● **Your objective**: Every line of the records that holds the word "rule" should be copied out.
═════ Record excerpts ═════
(* Let $K\subset\mathbb{R}^n$ be a nonempty compact convex set and let $\{H_m\}_{m\in\mathbb{N}}$ be a sequence of linear subspaces of $\mathbb{R}^n$ (not necessarily of the same dimension) such that the sequence \[K_m:=M_{H_m}\cdots M_{H_1}K\] converges in the Hausdorff metric to a compact convex set $L$. Then for every nonempty compact set $\tilde K\subset\mathbb{R}^n$ with $\mathrm{conv}(\tilde K)=K$, the sequence $\tilde K_m:=M_{H_m}\cdots M_{H_1}\tilde K$ also converges in the Hausdorff metric to $L$.
   Context: For a linear subspace $H$, $R_Hx=2(x|H)-x$ is the reflection with respect to $H$ ($x|H$ the orthogonal projection). The Minkowski symmetrization is $M_HC:=\frac12(C+R_HC)$, with $X+Y=\{x+y:x\in X,y\in Y\}$ and $tX=\{tx:x\in X\}$. $\mathrm{conv}$ denotes convex hull. *)

theory Defs
  imports "HOL-Analysis.Analysis"
begin

definition orth_proj :: "'a::euclidean_space set \<Rightarrow> 'a \<Rightarrow> 'a" where
  "orth_proj H x = (THE p. p \<in> H \<and> (\<forall>h\<in>H. (x - p) \<bullet> h = 0))"

definition refl_sub :: "'a::euclidean_space set \<Rightarrow> 'a \<Rightarrow> 'a" where
  "refl_sub H x = 2 *\<^sub>R orth_proj H x - x"

definition mink_sym :: "'a::euclidean_space set \<Rightarrow> 'a set \<Rightarrow> 'a set" where
  "mink_sym H C = (\<lambda>v. (1/2) *\<^sub>R v) ` {x + y | x y. x \<in> C \<and> y \<in> refl_sub H ` C}"

text \<open>Iterated symmetrization: sym_iter H K m = M_{H m} ... M_{H 1} K
  (H 0 is unused; sym_iter H K 0 = K).\<close>
primrec sym_iter :: "(nat \<Rightarrow> 'a::euclidean_space set) \<Rightarrow> 'a set \<Rightarrow> nat \<Rightarrow> 'a set" where
  "sym_iter H K 0 = K"
| "sym_iter H K (Suc m) = mink_sym (H (Suc m)) (sym_iter H K m)"

text \<open>Hausdorff distance (for nonempty bounded sets).\<close>
definition hausdorff_dist :: "'a::metric_space set \<Rightarrow> 'a set \<Rightarrow> real" where
  "hausdorff_dist A B = max (SUP a\<in>A. infdist a B) (SUP b\<in>B. infdist b A)"

end

theory Submission
  imports Defs
begin

text \<open>Call \<open>B\<close> a \<open>c\<close>-approximation of \<open>A\<close> (\<open>sq_approx c A B\<close>) if every point \<open>p\<close> is,
  up to \<open>c\<close> in squared distance, as close to some point of \<open>B\<close> as to any given point of \<open>A\<close>.
  A bounded set \<open>B\<close> is a \<open>(diam B)\<^sup>2\<close>-approximation of its convex hull: for \<open>x \<in> conv B\<close>
  some \<open>y \<in> B\<close> lies on the side of \<open>p\<close> of the hyperplane through \<open>x\<close> orthogonal to
  \<open>x - p\<close>, so \<open>|p - y|\<^sup>2 \<le> |p - x|\<^sup>2 + |y - x|\<^sup>2\<close>. A Minkowski symmetrization halves \<open>c\<close>:
  for a point \<open>(u + R\<^sub>H v)/2\<close> of \<open>M\<^sub>H A\<close>, approximating first \<open>u\<close> and then \<open>v\<close>, each at twice
  the scale, costs \<open>2c/4\<close>. Hence \<open>M\<^sub>H\<^sub>m\<cdots>M\<^sub>H\<^sub>1 K\<close> contains \<open>M\<^sub>H\<^sub>m\<cdots>M\<^sub>H\<^sub>1 K'\<close> within Hausdorff
  distance \<open>diam K' / 2\<^bsup>m/2\<^esup>\<close>, and the triangle inequality concludes.\<close>

lemma orth_proj_eqI:
  assumes "subspace H" "p \<in> H" "\<And>h. h \<in> H \<Longrightarrow> (x - p) \<bullet> h = 0"
  shows "orth_proj H x = p"
  unfolding orth_proj_def
proof (rule the_equality)
  show "p \<in> H \<and> (\<forall>h\<in>H. (x - p) \<bullet> h = 0)"
    using assms by blast
next
  fix q assume q: "q \<in> H \<and> (\<forall>h\<in>H. (x - q) \<bullet> h = 0)"
  have "p - q \<in> H"
    using assms q subspace_diff by blast
  then have "(x - q) \<bullet> (p - q) - (x - p) \<bullet> (p - q) = 0"
    using assms q by simp
  then have "(p - q) \<bullet> (p - q) = 0"
    by (simp add: inner_diff_left)
  then show "q = p" by simp
qed

lemma subspace_orthogonal_decomp:
  fixes H :: "'a::euclidean_space set" and x :: 'a
  assumes "subspace H"
  obtains p z where "p \<in> H" "\<And>h. h \<in> H \<Longrightarrow> z \<bullet> h = 0" "x = p + z"
proof -
  have "span H = H"
    using assms span_eq_iff by blast
  then show thesis
    using orthogonal_subspace_decomp_exists[of H x] that by (metis orthogonal_def)
qed

lemma orth_proj_mem_orthogonal:
  fixes H :: "'a::euclidean_space set"
  assumes "subspace H"
  shows "orth_proj H x \<in> H" "h \<in> H \<Longrightarrow> (x - orth_proj H x) \<bullet> h = 0"
proof -
  obtain p z where "p \<in> H" "\<And>h. h \<in> H \<Longrightarrow> z \<bullet> h = 0" "x = p + z"
    using subspace_orthogonal_decomp[OF assms, where x=x] by blast
  moreover from this have "orth_proj H x = p"
    using orth_proj_eqI[OF assms] by simp
  ultimately show "orth_proj H x \<in> H" "h \<in> H \<Longrightarrow> (x - orth_proj H x) \<bullet> h = 0"
    by simp_all
qed

lemma linear_orth_proj:
  fixes H :: "'a::euclidean_space set"
  assumes "subspace H"
  shows "linear (orth_proj H)"
proof (rule linearI)
  note proj = orth_proj_mem_orthogonal[OF assms]
  show "orth_proj H (x + y) = orth_proj H x + orth_proj H y" for x y
  proof (rule orth_proj_eqI[OF assms])
    show "orth_proj H x + orth_proj H y \<in> H"
      using proj assms subspace_add by blast
    fix h assume "h \<in> H"
    then have "(x - orth_proj H x) \<bullet> h + (y - orth_proj H y) \<bullet> h = 0"
      using proj by simp
    then show "(x + y - (orth_proj H x + orth_proj H y)) \<bullet> h = 0"
      by (simp add: algebra_simps inner_diff_left inner_add_left)
  qed
  show "orth_proj H (c *\<^sub>R x) = c *\<^sub>R orth_proj H x" for c x
  proof (rule orth_proj_eqI[OF assms])
    show "c *\<^sub>R orth_proj H x \<in> H"
      using proj assms subspace_scale by blast
    fix h assume "h \<in> H"
    then have "c * ((x - orth_proj H x) \<bullet> h) = 0"
      using proj by simp
    then show "(c *\<^sub>R x - c *\<^sub>R orth_proj H x) \<bullet> h = 0"
      by (simp flip: scaleR_diff_right)
  qed
qed

lemma linear_refl_sub:
  fixes H :: "'a::euclidean_space set"
  assumes "subspace H"
  shows "linear (refl_sub H)"
  using linear_orth_proj[OF assms]
  by (auto simp: linear_iff refl_sub_def algebra_simps)

lemma refl_sub_orthogonal_decomp:
  assumes "subspace H" "p \<in> H" "\<And>h. h \<in> H \<Longrightarrow> z \<bullet> h = 0"
  shows "refl_sub H (p + z) = p - z"
  using orth_proj_eqI[of H p "p + z"] assms by (simp add: refl_sub_def scaleR_2)

lemma refl_sub_involution:
  fixes H :: "'a::euclidean_space set"
  assumes "subspace H"
  shows "refl_sub H (refl_sub H x) = x"
proof -
  obtain p z where pz: "p \<in> H" "\<And>h. h \<in> H \<Longrightarrow> z \<bullet> h = 0" "x = p + z"
    using subspace_orthogonal_decomp[OF assms, where x=x] by blast
  have "refl_sub H (p + - z) = p + z"
    using refl_sub_orthogonal_decomp[OF assms pz(1), of "- z"] pz(2) by simp
  then show ?thesis
    using refl_sub_orthogonal_decomp[OF assms pz(1,2)] pz(3) by simp
qed

lemma norm_refl_sub:
  fixes H :: "'a::euclidean_space set"
  assumes "subspace H"
  shows "norm (refl_sub H x) = norm x"
proof -
  obtain p z where pz: "p \<in> H" "\<And>h. h \<in> H \<Longrightarrow> z \<bullet> h = 0" "x = p + z"
    using subspace_orthogonal_decomp[OF assms, where x=x] by blast
  then have "orthogonal p z" "orthogonal p (- z)"
    by (simp_all add: orthogonal_def inner_commute)
  then have "(norm (p - z))\<^sup>2 = (norm (p + z))\<^sup>2"
    using norm_add_Pythagorean by (metis diff_conv_add_uminus norm_minus_cancel)
  then show ?thesis
    using refl_sub_orthogonal_decomp[OF assms pz(1,2)] pz(3) by simp
qed
(* Let $(\mathbf{x}^1,y_l^1,y_r^1),\dots,(\mathbf{x}^T,y_l^T,y_r^T)$ be a sequence of examples with $\mathbf{x}^t\in\mathbb{R}^d$ and integers $1\le y_l^t\le y_r^t\le K$, and run the PA-II algorithm with parameter $C>0$ starting from $\mathbf{w}^1=\mathbf{0}$, $\boldsymbol\theta^1=\mathbf{0}$. Let $c=\min_{t\in[T]}(y_r^t-y_l^t)$, $R^2=\max_{t\in[T]}\Vert\mathbf{x}^t\Vert^2$, $D=1+\frac{1}{2C}+R^2(K-c-1)$, and let $\mathbf{v}=(\mathbf{u},\mathbf{b})$, $\mathbf{u}\in\mathbb{R}^d$, $\mathbf{b}\in\mathbb{R}^{K-1}$, be the parameters of an arbitrary predictor, $\Vert\mathbf{v}\Vert^2=\Vert\mathbf{u}\Vert^2+\Vert\mathbf{b}\Vert^2$. Then $$\sum_{t=1}^T\sum_{i=1}^{K-1}(l_i^t)^2\le D\left(\Vert\mathbf{v}\Vert^2+2C\sum_{t=1}^T\sum_{i=1}^{K-1}(l_i^{t*})^2\right).$$
   Context: PA-II algorithm with parameter $C>0$: at trial $t$, with $I_t=\{1,\dots,y_l^t-1\}\cup\{y_r^t,\dots,K-1\}$, $(\mathbf{w}^{t+1},\boldsymbol\theta^{t+1})$ is the $(\mathbf{w},\boldsymbol\theta)$-part of the minimizer over $\mathbf{w},\boldsymbol\theta,(\xi_i)_{i\in I_t}$ of $\tfrac12\Vert\mathbf{w}-\mathbf{w}^t\Vert^2+\tfrac12\Vert\boldsymbol\theta-\boldsymbol\theta^t\Vert^2+C\sum_{i\in I_t}\xi_i^2$ subject to $\mathbf{w}\cdot\mathbf{x}^t-\theta_i\ge1-\xi_i$ ($i\le y_l^t-1$) and $\mathbf{w}\cdot\mathbf{x}^t-\theta_i\le-1+\xi_i$ ($i\ge y_r^t$). Losses of the algorithm: $l_i^t=\max(0,1+\theta_i^t-\mathbf{w}^t\cdot\mathbf{x}^t)$ for $1\le i\le y_l^t-1$, $l_i^t=\max(0,1+\mathbf{w}^t\cdot\mathbf{x}^t-\theta_i^t)$ for $y_r^t\le i\le K-1$, $l_i^t=0$ otherwise. Losses of the fixed predictor: $l_i^{t*}=\max(0,1-\mathbf{u}\cdot\mathbf{x}^t+b_i)$ for $1\le i\le y_l^t-1$, $l_i^{t*}=\max(0,1+\mathbf{u}\cdot\mathbf{x}^t-b_i)$ for $y_r^t\le i\le K-1$, $0$ otherwise. *)

theory Defs
  imports "HOL-Analysis.Analysis"
begin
═════
● **Task answer**:
proof (rule the_equality)
proof (rule linearI)
  proof (rule orth_proj_eqI[OF assms])
  proof (rule orth_proj_eqI[OF assms])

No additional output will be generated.